# Gears of War 3 in 2011?



## Ares (Nov 23, 2009)

*Rumor: Gears Of War 3 Releasing April 2011
*

*Source says teaser trailer coming soon. Full reveal at E3.
*

by Jim Reilly 


*March 16, 2010* - The wait for Gears of War 3 may be longer than we thought. 

A "trusted US publishing source" has told website *Edge* the third chapter in the Gears of War series is set for release in April 2011. While still not officially announced by Microsoft, the first teaser trailer for Gears of War 3 is apparently coming as early as next month on April 8, with a full reveal set for June at this year's E3 in Los Angeles. 

"Microsoft's keen to avoid a clash with Halo: Reach and wants Natal to own Christmas. That's why we won't be seeing Gears of War 3 until next year, but expect a major marketing push ahead of its release," the source said. 

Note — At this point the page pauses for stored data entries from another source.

lemma adjoint_coeffs_in_ell2:
  assumes C: "C \<ge> 0" "\<And>f. f \<in> ell2 X \<Longrightarrow> ell2_norm (S f) \<le> C * ell2_norm f"
    and g: "g \<in> ell2 X"
  shows "adjoint_coeffs X S g \<in> ell2 X"
    and "ell2_norm (adjoint_coeffs X S g) \<le> C * ell2_norm g"
proof -
  have bound: "(\<Sum>y\<in>F. (cmod (adjoint_coeffs X S g y))\<^sup>2) \<le> (C * ell2_norm g)\<^sup>2"
    if "finite F" for F
    using adjoint_coeffs_sum_le[OF C(2) g that] .
  have summable: "(\<lambda>y. (cmod (adjoint_coeffs X S g y))\<^sup>2) summable_on UNIV"
    by (rule nonneg_bdd_above_summable_on) (auto intro!: bdd_aboveI2 bound)
  thus "adjoint_coeffs X S g \<in> ell2 X"
    unfolding mem_ell2_iff by (auto simp: adjoint_coeffs_def)
  have "ell2_sqnorm (adjoint_coeffs X S g) \<le> (C * ell2_norm g)\<^sup>2"
    unfolding ell2_sqnorm_def by (rule infsum_le_finite_sums[OF summable bound])
  hence "sqrt (ell2_sqnorm (adjoint_coeffs X S g)) \<le> sqrt ((C * ell2_norm g)\<^sup>2)"
    by (rule real_sqrt_le_mono)
  thus "ell2_norm (adjoint_coeffs X S g) \<le> C * ell2_norm g"
    using C(1) ell2_norm_nonneg[of g] by (simp add: ell2_norm_eq_sqrt)
qed

lemma bounded_op_adjoint_coeffs: "bounded_op X (ell2_op X (adjoint_coeffs X S))"
proof -
  obtain C where C: "C \<ge> 0" "\<And>f. f \<in> ell2 X \<Longrightarrow> ell2_norm (S f) \<le> C * ell2_norm f"
    using bounded_op_bound[OF S] by blast
  have S_delta: "y \<in> X \<Longrightarrow> S (delta y) \<in> ell2 X" for y
    by (rule bounded_op_in_ell2[OF S delta_in_ell2])
  show ?thesis
  proof (rule bounded_op_ell2_opI[where C = C])
    show "adjoint_coeffs X S (\<lambda>x. f x + g x) =
        (\<lambda>x. adjoint_coeffs X S f x + adjoint_coeffs X S g x)"
      if "f \<in> ell2 X" "g \<in> ell2 X" for f g
      using that by (auto simp: adjoint_coeffs_def ell2_inner_add_right[OF _ _ S_delta])
    show "adjoint_coeffs X S (\<lambda>x. c * f x) = (\<lambda>x. c * adjoint_coeffs X S f x)" for c f
      by (auto simp: adjoint_coeffs_def ell2_inner_scale_right)
  qed (use adjoint_coeffs_in_ell2 C in blast)+
qed
theorem proposition3p4:
  fixes n :: "nat \<Rightarrow> nat" and p :: nat
  assumes pos: "\<And>i. n i > 0"
    and dvd: "\<And>i j. i \<le> j \<Longrightarrow> n i dvd n j"
    and lim: "filterlim n at_top sequentially"
    and prime: "prime p"
  shows "(\<forall>f. continuous_map (odometer_topology n) (Zmod_topology p) f \<longrightarrow>
            (\<exists>L. continuous_map (odometer_topology n) (Zmod_topology p) L \<and>
                 (\<forall>x\<in>odometer_space n. f x = (L (odometer n x) - L x) mod int p)))
         \<longleftrightarrow> \<not> bdd_above (range (\<lambda>i. multiplicity p (n i)))"
proof -
  interpret divisibility_chain n
    using pos dvd by unfold_locales
  show ?thesis
    unfolding odometer_coboundary_def[symmetric]
    using coboundaries_imp_multiplicity_unbounded[OF prime]
      multiplicity_unbounded_imp_coboundary[OF prime]
    by metis
qed

end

Representatives from both Epic Games and Microsoft told IGN they do not comment on rumors or speculation.


----------



## Moonfly (Aug 1, 2008)

A bit more info here


----------



## Matteo (Jul 12, 2006)

I live the Gears of War series. Playing Horde with the buddies is incredible fun and a super waste of time. I will be first in line for the GOW 3 series.

Matteo


----------